» REQUIREMENT
In the data that follows, find the line with "obtain b where"; transcribe it, every later line up to the one with "proof (rule ccontr)", and that line as well, exactly and with no others.

------------------------------------------------------------

lemma common_first_imp_D2_nonempty:
  assumes p: "is_profile p" and "\<not> no_common_choice (is_first p)"
  shows "D 2 p \<noteq> {}"
proof -
  obtain i j x where ij: "i \<in> Inds" "j \<in> Inds" "i \<noteq> j" and x: "is_first p i x" "is_first p j x"
    using assms(2) unfolding no_common_choice_def by blast
  have "card {k \<in> Inds. pref (p k) y x} < 2" if "y \<in> Alts" for y
  proof -
    have "card {k \<in> Inds. pref (p k) y x} \<le> card (Inds - {i} - {j})"
      using first_not_beaten_by_its_voter[OF p ij(1) x(1) that]
        first_not_beaten_by_its_voter[OF p ij(2) x(2) that]
      by (intro card_mono) (auto simp: Inds_def)
    also have "\<dots> = 1"
      using ij by (simp add: card_Inds)
    finally show ?thesis
      by simp
  qed
  then have "x \<in> D 2 p"
    using x by (simp add: D_def is_first_def)
  then show ?thesis
    by blast
qed


lemma no_common_third_surj:
  assumes p: "is_profile p" and "no_common_choice (is_third p)" and "x \<in> Alts"
  shows "\<exists>k\<in>Inds. is_third p k x"
proof -
  obtain b where b: "\<And>i. i \<in> Inds \<Longrightarrow> is_third p i (b i)"
    using is_profile_has_third[OF p] by metis
  have "inj_on b Inds"
    using assms(2) b unfolding no_common_choice_def inj_on_def by metis
  moreover have "b ` Inds \<subseteq> Alts"
    using b by (auto simp: is_third_def)
  ultimately have "b ` Inds = Alts"
    by (intro card_subset_eq) (simp_all add: card_image card_Alts card_Inds Alts_def)
  then show ?thesis
    using b \<open>x \<in> Alts\<close> by (metis imageE)
qed


lemma distinct_firsts_thirds_imp_D2_empty:
  assumes p: "is_profile p"
    and firsts: "no_common_choice (is_first p)" and thirds: "no_common_choice (is_third p)"
  shows "D 2 p = {}"
proof (rule ccontr)
  assume "D 2 p \<noteq> {}"
  then obtain x where "x \<in> Alts" and x: "\<forall>y\<in>Alts. card {l \<in> Inds. pref (p l) y x} < 2"
    by (auto simp: D_def)
  then obtain k where k: "k \<in> Inds" "is_third p k x"
    using no_common_third_surj[OF p thirds] by blast
  obtain i j where ij: "Inds - {k} = {i, j}" "i \<noteq> j"
    using card_Inds_minus[OF k(1)] by (auto simp: card_2_iff)
  have "i \<in> Inds" "j \<in> Inds" "i \<noteq> k" "j \<noteq> k"
    using ij by blast+
  moreover obtain ti tj where "is_first p i ti" "is_first p j tj"
    using is_profile_has_first[OF p] \<open>i \<in> Inds\<close> \<open>j \<in> Inds\<close> by blast
  moreover have "ti \<noteq> x \<or> tj \<noteq> x"
    using firsts ij calculation unfolding no_common_choice_def by metis
  ultimately obtain l t where l: "l \<in> Inds" "l \<noteq> k" and t: "is_first p l t" "t \<noteq> x"
    by blast
  then have "pref (p l) t x" "pref (p k) t x" "t \<in> Alts"
    using k \<open>x \<in> Alts\<close> by (auto simp: is_first_def is_third_def)
  then have "{l, k} \<subseteq> {m \<in> Inds. pref (p m) t x}"
    using k l by auto
  then have "card {l, k} \<le> card {m \<in> Inds. pref (p m) t x}"
    by (rule card_mono[rotated]) (simp add: Inds_def)
  then have "2 \<le> card {m \<in> Inds. pref (p m) t x}"
    using l by simp
  then show False
    using x \<open>t \<in> Alts\<close> by fastforce
qed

------------------------------------------------------------

» TASK RESPONSE
  obtain b where b: "\<And>i. i \<in> Inds \<Longrightarrow> is_third p i (b i)"
    using is_profile_has_third[OF p] by metis
  have "inj_on b Inds"
    using assms(2) b unfolding no_common_choice_def inj_on_def by metis
  moreover have "b ` Inds \<subseteq> Alts"
    using b by (auto simp: is_third_def)
  ultimately have "b ` Inds = Alts"
    by (intro card_subset_eq) (simp_all add: card_image card_Alts card_Inds Alts_def)
  then show ?thesis
    using b \<open>x \<in> Alts\<close> by (metis imageE)
qed


lemma distinct_firsts_thirds_imp_D2_empty:
  assumes p: "is_profile p"
    and firsts: "no_common_choice (is_first p)" and thirds: "no_common_choice (is_third p)"
  shows "D 2 p = {}"
proof (rule ccontr)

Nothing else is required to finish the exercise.